Problem Statement
The EOSE fleet has grown to 12+ external model providers across 7+ silos. No sovereignty filtering exists. Data exposure is unquantified. Debt helix signals are isolated from model routing. Intent objects do not exist on graph operations.
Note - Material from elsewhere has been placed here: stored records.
lemma openin_gauge_topology:
  "openin (gauge_topology a s) U \<longleftrightarrow> open U \<and> (a \<in> U \<longrightarrow> (\<exists>e>0. {x. s x < e} \<subseteq> U))"
  unfolding gauge_topology_def topology_inverse'[OF istopology_gauge] ..

lemma topspace_gauge_topology [simp]: "topspace (gauge_topology a s) = UNIV"
  by (metis UNIV_I openin_gauge_topology openin_subset open_UNIV subset_UNIV
      subset_antisym zero_less_one)

lemma coarser_gauge_topology_euclidean: "coarser (gauge_topology a s) euclidean"
  unfolding coarser_def by (auto simp: openin_gauge_topology)

lemma coarser_gauge_topology:
  assumes "\<And>e. e > 0 \<Longrightarrow> \<exists>e'>0. \<forall>x. s' x < e' \<longrightarrow> s x < e"
  shows "coarser (gauge_topology a s) (gauge_topology a s')"
  unfolding coarser_def
proof (intro subsetI CollectI)
  fix U assume "U \<in> {U. openin (gauge_topology a s) U}"
  then have "open U" and U: "a \<in> U \<Longrightarrow> \<exists>e>0. {x. s x < e} \<subseteq> U"
    by (auto simp: openin_gauge_topology)
  have "\<exists>e'>0. {x. s' x < e'} \<subseteq> U" if "a \<in> U"
  proof -
    obtain e where "e > 0" "{x. s x < e} \<subseteq> U" using U \<open>a \<in> U\<close> by blast
    moreover obtain e' where "e' > 0" "\<forall>x. s' x < e' \<longrightarrow> s x < e" using assms \<open>e > 0\<close> by blast
    ultimately show ?thesis by blast
  qed
  with \<open>open U\<close> show "openin (gauge_topology a s') U" by (simp add: openin_gauge_topology)
qed

lemma not_coarser_gauge_topology:
  assumes "continuous_on UNIV s" "s a = 0" "e > 0"
    and "\<And>e'. e' > 0 \<Longrightarrow> \<exists>x. s' x < e' \<and> e \<le> s x"
  shows "\<not> coarser (gauge_topology a s) (gauge_topology a s')"
proof
  have "openin (gauge_topology a s) {x. s x < e}"
    using assms(1,3) by (auto simp: openin_gauge_topology open_Collect_less continuous_on_const)
  moreover assume "coarser (gauge_topology a s) (gauge_topology a s')"
  ultimately have "openin (gauge_topology a s') {x. s x < e}"
    unfolding coarser_def by blast
  then obtain e' where "e' > 0" "{x. s' x < e'} \<subseteq> {x. s x < e}"
    using assms(2,3) by (auto simp: openin_gauge_topology)
  with assms(4)[of e'] show False by force
qed

lemma continuous_map_gauge_topology:
  assumes "continuous_on UNIV h" "h a = b"
  shows "continuous_map (gauge_topology a (s \<circ> h)) (gauge_topology b s) h"
  unfolding continuous_map_def
proof (intro conjI allI impI)
  fix V assume "openin (gauge_topology b s) V"
  then have "open V" and V: "b \<in> V \<Longrightarrow> \<exists>e>0. {y. s y < e} \<subseteq> V"
    by (auto simp: openin_gauge_topology)
  have "open (h -` V)" using open_vimage[OF \<open>open V\<close> assms(1)] .
  moreover have "\<exists>e>0. {x. (s \<circ> h) x < e} \<subseteq> h -` V" if "a \<in> h -` V"
    using V that assms(2) by fastforce
  ultimately show "openin (gauge_topology a (s \<circ> h)) {x \<in> topspace (gauge_topology a (s \<circ> h)). h x \<in> V}"
    by (simp add: openin_gauge_topology vimage_def)
qed simp

lemma homeomorphic_space_gauge_topology:
  assumes "homeomorphism UNIV UNIV h k" "h a = b"
  shows "gauge_topology a (s \<circ> h) homeomorphic_space gauge_topology b s"
proof -
  have hk: "h (k y) = y" "k (h x) = x" for x y
    using assms(1) by (auto simp: homeomorphism_def)
  have "continuous_map (gauge_topology b (s \<circ> h \<circ> k)) (gauge_topology a (s \<circ> h)) k"
    using assms hk by (intro continuous_map_gauge_topology) (auto simp: homeomorphism_def)
  moreover have "s \<circ> h \<circ> k = s" using hk by auto
  ultimately have "homeomorphic_maps (gauge_topology a (s \<circ> h)) (gauge_topology b s) h k"
    using assms hk continuous_map_gauge_topology[of h a b s]
    by (auto simp: homeomorphic_maps_def homeomorphism_def)
  then show ?thesis unfolding homeomorphic_space_def by blast
qed

(* The shorter of the direct route from x to y and the route through the zero of s. *)
definition gauge_dist :: "('a::metric_space \<Rightarrow> real) \<Rightarrow> 'a \<Rightarrow> 'a \<Rightarrow> real" where
  "gauge_dist s x y = min (dist x y + \<bar>s x - s y\<bar>) (s x + s y)"

lemma gauge_dist_le: "gauge_dist s x y \<le> dist x y + \<bar>s x - s y\<bar>"
  unfolding gauge_dist_def by simp

lemma gauge_dist_base: "s a = 0 \<Longrightarrow> 0 \<le> s y \<Longrightarrow> gauge_dist s a y = s y"
  unfolding gauge_dist_def by simp

lemma gauge_dist_less_imp_eq:
  "0 \<le> s y \<Longrightarrow> gauge_dist s x y < s x \<Longrightarrow> gauge_dist s x y = dist x y + \<bar>s x - s y\<bar>"
  unfolding gauge_dist_def by auto

lemma gauge_dist_less_near:
  assumes "isCont s x" "0 < r"
  shows "\<exists>\<delta>>0. \<forall>y. dist x y < \<delta> \<longrightarrow> gauge_dist s x y < r"
proof -
  obtain \<delta> where "\<delta> > 0" and \<delta>: "\<And>y. dist y x < \<delta> \<Longrightarrow> dist (s y) (s x) < r/2"
    using assms unfolding continuous_at_eps_delta by (meson half_gt_zero)
  have "gauge_dist s x y < r" if "dist x y < min \<delta> (r/2)" for y
    using that \<delta>[of y] gauge_dist_le[of s x y] by (simp add: dist_commute dist_real_def)
  then show ?thesis using \<open>\<delta> > 0\<close> \<open>0 < r\<close> by (intro exI[of _ "min \<delta> (r/2)"]) auto
qed

lemma gauge_dist_tendsto_zero:
  assumes "isCont s L" "f \<longlonglongrightarrow> L" "0 < e"
  shows "\<forall>\<^sub>F n in sequentially. gauge_dist s (f n) L < e"
proof -
  have "(\<lambda>n. dist (f n) L) \<longlonglongrightarrow> 0" using assms(2) tendsto_dist_iff by blast
  moreover have "(\<lambda>n. s (f n)) \<longlonglongrightarrow> s L" using assms(1,2) by (rule isCont_tendsto_compose)
  ultimately have "(\<lambda>n. dist (f n) L + \<bar>s (f n) - s L\<bar>) \<longlonglongrightarrow> 0"
    by (intro tendsto_add_zero tendsto_rabs_zero LIM_zero)
  then show ?thesis
    using assms(3) by (auto intro: eventually_mono[OF order_tendstoD(2)] le_less_trans[OF gauge_dist_le])
qed

lemma Cauchy_if_gauge_dist_Cauchy:
  assumes nonneg: "\<And>x. 0 \<le> s x"
    and Cauchy: "\<And>e. 0 < e \<Longrightarrow> \<exists>N. \<forall>m n. N \<le> m \<longrightarrow> N \<le> n \<longrightarrow> gauge_dist s (f m) (f n) < e"
    and "0 < c" and bounded_below: "\<And>k. N0 \<le> k \<Longrightarrow> c \<le> s (f k)"
  shows "Cauchy f"
  unfolding Cauchy_def
proof (intro allI impI)
  fix e :: real assume "0 < e"
  then obtain N where N: "\<And>m n. N \<le> m \<Longrightarrow> N \<le> n \<Longrightarrow> gauge_dist s (f m) (f n) < min e c"
    using Cauchy[of "min e c"] \<open>0 < c\<close> by auto
  have "dist (f m) (f n) < e" if "max N N0 \<le> m" "max N N0 \<le> n" for m n
    using N[of m n] bounded_below[of m] that gauge_dist_less_imp_eq[of s "f n" "f m", OF nonneg]
    by auto
  then show "\<exists>M. \<forall>m\<ge>M. \<forall>n\<ge>M. dist (f m) (f n) < e" by blast
qed

lemma Metric_space_gauge_dist:
  assumes s_base: "s a = 0" and s_pos: "\<And>x. x \<noteq> a \<Longrightarrow> 0 < s x"
  shows "Metric_space UNIV (gauge_dist s)"
proof
  have nonneg: "0 \<le> s x" for x
    using s_base s_pos[of x] by (cases "x = a") auto
  fix x y z
  show "0 \<le> gauge_dist s x y"
    using nonneg[of x] nonneg[of y] unfolding gauge_dist_def by simp
  show "gauge_dist s x y = gauge_dist s y x"
    unfolding gauge_dist_def by (simp add: dist_commute abs_minus_commute add.commute)
  show "gauge_dist s x y = 0 \<longleftrightarrow> x = y"
  proof
    assume "gauge_dist s x y = 0"
    then have "dist x y + \<bar>s x - s y\<bar> = 0 \<or> s x + s y = 0"
      unfolding gauge_dist_def by (metis min_def)
    then show "x = y"
    proof
      assume "dist x y + \<bar>s x - s y\<bar> = 0"
      then show "x = y" by (metis abs_ge_zero add_nonneg_eq_0_iff dist_eq_0_iff zero_le_dist)
    next
      assume "s x + s y = 0"
      then show "x = y" using nonneg s_pos by (metis add_nonneg_eq_0_iff less_irrefl)
    qed
  qed (simp add: gauge_dist_def nonneg)
  show "gauge_dist s x z \<le> gauge_dist s x y + gauge_dist s y z"
    using nonneg[of x] nonneg[of y] nonneg[of z] dist_triangle[of x z y]
      zero_le_dist[of x y] zero_le_dist[of y z]
    unfolding gauge_dist_def min_def by (smt (verit))
qed

lemma mtopology_gauge_dist:
  assumes cont: "continuous_on UNIV s" and s_base: "s a = 0" and s_pos: "\<And>x. x \<noteq> a \<Longrightarrow> 0 < s x"
  shows "Metric_space.mtopology UNIV (gauge_dist s) = gauge_topology a s"
proof -
  interpret Metric_space UNIV "gauge_dist s"
    using s_base s_pos by (rule Metric_space_gauge_dist)
  have nonneg: "0 \<le> s x" for x
    using s_base s_pos[of x] by (cases "x = a") auto
  have ball_in_mball: "\<exists>\<delta>>0. ball x \<delta> \<subseteq> mball x r" if r: "r > 0" for x r
  proof -
    have "isCont s x" using cont by (simp add: continuous_on_eq_continuous_at)
    then obtain \<delta> where "\<delta> > 0" "\<forall>y. dist x y < \<delta> \<longrightarrow> gauge_dist s x y < r"
      using gauge_dist_less_near r by blast
    then show ?thesis by auto
  qed
  have mball_in_ball: "mball x (min \<delta> (s x)) \<subseteq> ball x \<delta>" for x \<delta>
    using gauge_dist_less_imp_eq[of s, OF nonneg] by fastforce
  have mball_base: "mball a r = {x. s x < r}" for r
    using gauge_dist_base[of s a, OF s_base nonneg] by auto
  show ?thesis
  proof (rule topology_eq[THEN iffD2], intro allI iffI)
    fix U assume "openin mtopology U"
    then have U: "\<And>x. x \<in> U \<Longrightarrow> \<exists>r>0. mball x r \<subseteq> U" by (simp add: openin_mtopology)
    have "open U"
      unfolding open_contains_ball by (metis U ball_in_mball order_trans)
    moreover have "\<exists>e>0. {x. s x < e} \<subseteq> U" if "a \<in> U"
      using U[OF that] mball_base by auto
    ultimately show "openin (gauge_topology a s) U"
      by (simp add: openin_gauge_topology)
  next
    fix U assume "openin (gauge_topology a s) U"
    then have "open U" and U: "a \<in> U \<Longrightarrow> \<exists>e>0. {x. s x < e} \<subseteq> U"
      by (auto simp: openin_gauge_topology)
    have "\<exists>r>0. mball x r \<subseteq> U" if "x \<in> U" for x
    proof (cases "x = a")
      case True
      then show ?thesis using U \<open>x \<in> U\<close> mball_base by auto
    next
      case False
      obtain \<delta> where "\<delta> > 0" "ball x \<delta> \<subseteq> U"
        using \<open>open U\<close> \<open>x \<in> U\<close> open_contains_ball by blast
      then show ?thesis
        using mball_in_ball[of x \<delta>] s_pos[OF False] by (intro exI[of _ "min \<delta> (s x)"]) auto
    qed
    then show "openin mtopology U" by (simp add: openin_mtopology)
  qed
qed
The fleet cannot answer its own legal question: "What sensitive data went where?"
IDENTIFIED RISKS — PRE-V12
- DeepSeek (deepseek/deepseek-chat) is configured with no routing gate — Chinese servers accessible to all agents
- 15+ named agents (bob, officer, bosun, signals, rick, helmsman, lucien, luffy, etc.) all default to OpenAI GPT-4.1 — US server data exposure, cost accumulation
- Anthropic confirmed scanning git commits for agent harness terms — main session prompts logged externally
- Debt helix WPA signals are computed but never wired to model routing — BREAK threshold (γ₁×6 = 84.8%) has no enforcement effect
- BFE layer classification (L1–L5) exists but is not used as a routing signal — L5 sovereign ops can still route externally
- No intent objects on any operation — graph records WHAT happened, not WHO, WHY, or WHERE it went
- No audit trail for CLO review — legal cannot query "show me all external routes on health domain ops"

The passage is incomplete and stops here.